You'll need the funky socket to remove it, but the o-ring in there is a common failure point.
 

vin2K

Member
Joined
Apr 28, 2011
Location
Dallas
TDI
Jetta
You talking about the solenoid switch? The video said you didn't need to replace the o-ring there, although both times mine slipped off of it unlike his staying seated in the video.
 

runonbeer

Maintenance EnthusiastVendor
Joined
Apr 15, 2002
Location
Austin, TX/Chapel Hill, NC
TDI
'00 Golf 02M, '10 Golf 02E, '02 UTE 02M
Try pinching off the return line to the filter while you pull vacuum on the pump to prime.

If that doesn't work, you can try to gravity fill it with a cut up coke bottle rig but I've never needed to resort to this.
 

vin2K

Member
Joined
Apr 28, 2011
Location
Dallas
TDI
Jetta
The pump is full of gas and I don't see wet spots anywhere on the pump, I don't know what to do.
 

runonbeer

Maintenance EnthusiastVendor
Joined
Apr 15, 2002
Location
Austin, TX/Chapel Hill, NC
TDI
'00 Golf 02M, '10 Golf 02E, '02 UTE 02M
Air is a gas. Diesel is not a gas. Lets start off on the right nomenclature foot here.

How have you established that your pump is full? I thought we were troubleshooting a no prime issue. :confused:

If your pump is full of fuel, crack the line nuts & crank it.

If it is not full and you cannot prime then my last resort is usually to remove the QA and just pour fuel into the pump case.
 

oldpoopie

Vendor
Joined
May 14, 2001
Location
Portland Oregon
TDI
2001 golf gl, 2006 jetta, 1981 ALH swapped rabbit pickup, 1998 beetle
You talking about the solenoid switch? The video said you didn't need to replace the o-ring there, although both times mine slipped off of it unlike his staying seated in the video.
No, its the plug in the middle of the head. Between the 4 injector lines. It has a smaller plug in its center.

Officially you should replace the whole plug.
 

vin2K

Member
Joined
Apr 28, 2011
Location
Dallas
TDI
Jetta
Sorry, I am getting prime.
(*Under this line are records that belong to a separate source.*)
text \<open>The kernel is split as \<open>f * g\<close> with \<open>f = pkernel \<sigma> \<tau> (-lam/2)\<close>: the parameter \<open>w\<close> is chosen so
  that both Schur sums converge, and \<tau> so that the sums of \<open>f powr p'\<close> over \<open>m\<close> are bounded
  uniformly in \<open>n\<close>.\<close>
lemma pkernel_section_bound_gt_one:
  fixes p q a b lam :: real
  assumes p1: "1 < p" and pq: "p \<le> q" and b: "b > -1 / q" and blam: "b - lam < -1 / q"
    and balance: "a + b - lam + 1 - 1 / p + 1 / q \<le> 0"
  obtains D where "D \<ge> 0"
    "\<And>M N x. (\<And>m. 0 \<le> x m) \<Longrightarrow>
      (\<Sum>n\<in>{1..N}. (\<Sum>m\<in>{1..M}. pkernel a b (-lam) m n * x m) powr q)
        \<le> D * (\<Sum>m\<in>{1..M}. x m powr p) powr (q / p)"
proof -
  define p' where "p' = p / (p - 1)"
  have p': "p' > 0" "1 / p' = 1 - 1 / p" using p1 by (auto simp: p'_def field_simps)
  have q: "q > 0" using p1 pq by simp
  obtain w where w: "0 < w" "lam / 2 - b - 1 / q < w" "w < lam / 2" "w < lam - b - 1 / q"
    using Schur_parameter_exists[OF b blam] by blast
  define h where "h = lam / 2"
  define \<sigma> where "\<sigma> = w - 1 / p'"
  define \<tau> where "\<tau> = h - w"
  have f_exps: "\<sigma> > -1 / p'" "\<sigma> + -h < -1 / p'" "\<tau> + \<sigma> + -h + 1 / p' \<le> 0"
    using w by (simp_all add: \<sigma>_def \<tau>_def h_def)
  obtain A where "A > 0"
    and A: "\<And>n M. n \<ge> 1 \<Longrightarrow> (\<Sum>m\<in>{1..M}. pkernel \<tau> \<sigma> (-h) n m powr p') \<le> A"
    by (fact sum_pkernel_powr_le[OF p'(1) f_exps])
  have g_exps: "b - \<tau> > -1 / q" "b - \<tau> + -h < -1 / q" "a - \<sigma> + (b - \<tau>) + -h + 1 / q \<le> 0"
    using w balance p'(2) by (simp_all add: \<sigma>_def \<tau>_def h_def)
  obtain B where B: "B > 0"
    "\<And>m N. m \<ge> 1 \<Longrightarrow> (\<Sum>n\<in>{1..N}. pkernel (a - \<sigma>) (b - \<tau>) (-h) m n powr q) \<le> B"
    by (fact sum_pkernel_powr_le[OF q g_exps])
  have split: "pkernel a b (-lam) m n = pkernel \<sigma> \<tau> (-h) m n * pkernel (a - \<sigma>) (b - \<tau>) (-h) m n" for m n
    by (simp add: pkernel_mult h_def)
  have "(\<Sum>n\<in>{1..N}. (\<Sum>m\<in>{1..M}. pkernel a b (-lam) m n * x m) powr q)
      \<le> A powr ((p - 1) * (q / p)) * B * (\<Sum>m\<in>{1..M}. x m powr p) powr (q / p)"
    if x: "\<And>m. 0 \<le> x m" for M N x
    unfolding split
  proof (rule Schur_test_finite[OF finite_atLeastAtMost finite_atLeastAtMost p1 pq])
    show "0 < pkernel \<sigma> \<tau> (-h) m n" if "m \<in> {1..M}" "n \<in> {1..N}" for m n
      using that by (simp add: pkernel_pos)
    show "0 \<le> pkernel (a - \<sigma>) (b - \<tau>) (-h) m n" for m n
      by (rule pkernel_nonneg)
    show "0 \<le> x m" for m
      by (rule x)
    show "(\<Sum>m\<in>{1..M}. pkernel \<sigma> \<tau> (-h) m n powr (p / (p - 1))) \<le> A" if "n \<in> {1..N}" for n
      using that A[of n M] by (simp add: pkernel_swap[of \<sigma>] p'_def)
    show "(\<Sum>n\<in>{1..N}. pkernel (a - \<sigma>) (b - \<tau>) (-h) m n powr q) \<le> B" if "m \<in> {1..M}" for m
      using that B(2)[of m N] by simp
  qed
  with B(1) show ?thesis by (intro that[of "A powr ((p - 1) * (q / p)) * B"]) auto
qed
Its pulling diesel but not at a full flow like yours in the video, mine is coming out very slow with a lot of tiny bubbles and the its more like real fast sips instead of a tube filling flow.
 

vin2K

Member
Joined
Apr 28, 2011
Location
Dallas
TDI
Jetta
Its like its clogged or something it just seems if I start it, the car would run sluggish. I'll get video of it with my phone so you can see what I mean.
 

vin2K

Member
Joined
Apr 28, 2011
Location
Dallas
TDI
Jetta
Well I just went through with the rest of the procedure and the car started right up. My check engine light came on for some reason though. I don't have a VAG ill try to find someone here in the Dallas area to help me set the IQ.
 

oldpoopie

Vendor
Joined
May 14, 2001
Location
Portland Oregon
TDI
2001 golf gl, 2006 jetta, 1981 ALH swapped rabbit pickup, 1998 beetle
Well I just went through with the rest of the procedure and the car started right up. My check engine light came on for some reason though. I don't have a VAG ill try to find someone here in the Dallas area to help me set the IQ.

I find that the pump will pull prime differently depending on where it is rotated. As long as it fills, it should start.
 

POStdi

Well-known member
Joined
Feb 8, 2011
Location
Paso Robles, CA
TDI
2003 Jetta wagon
I just pulled this off yesterday in a couple hours. And I'm mechanically inclined, but diesel-inept.
I put the quantity adjuster exactly on my marks, and it started up, jitterbugged like crazy at idle, smooth at throttle, but wanted to run away it felt.
So I knocked the QA a bit further to the pass side than where my marks were, and it seems to run great now.
Thank you so much for the video. My car sat for a week while waiting for the seals; and I had to drive my 42yr old hotrod as my daily again. So, I guess it wasn't too bad...
Saved me a ridiculous amount of money instead of a local shop doing the work, and likely charging a couple grand for a new pump. And my local guru was roadtripping and fixing TDIs too far from here.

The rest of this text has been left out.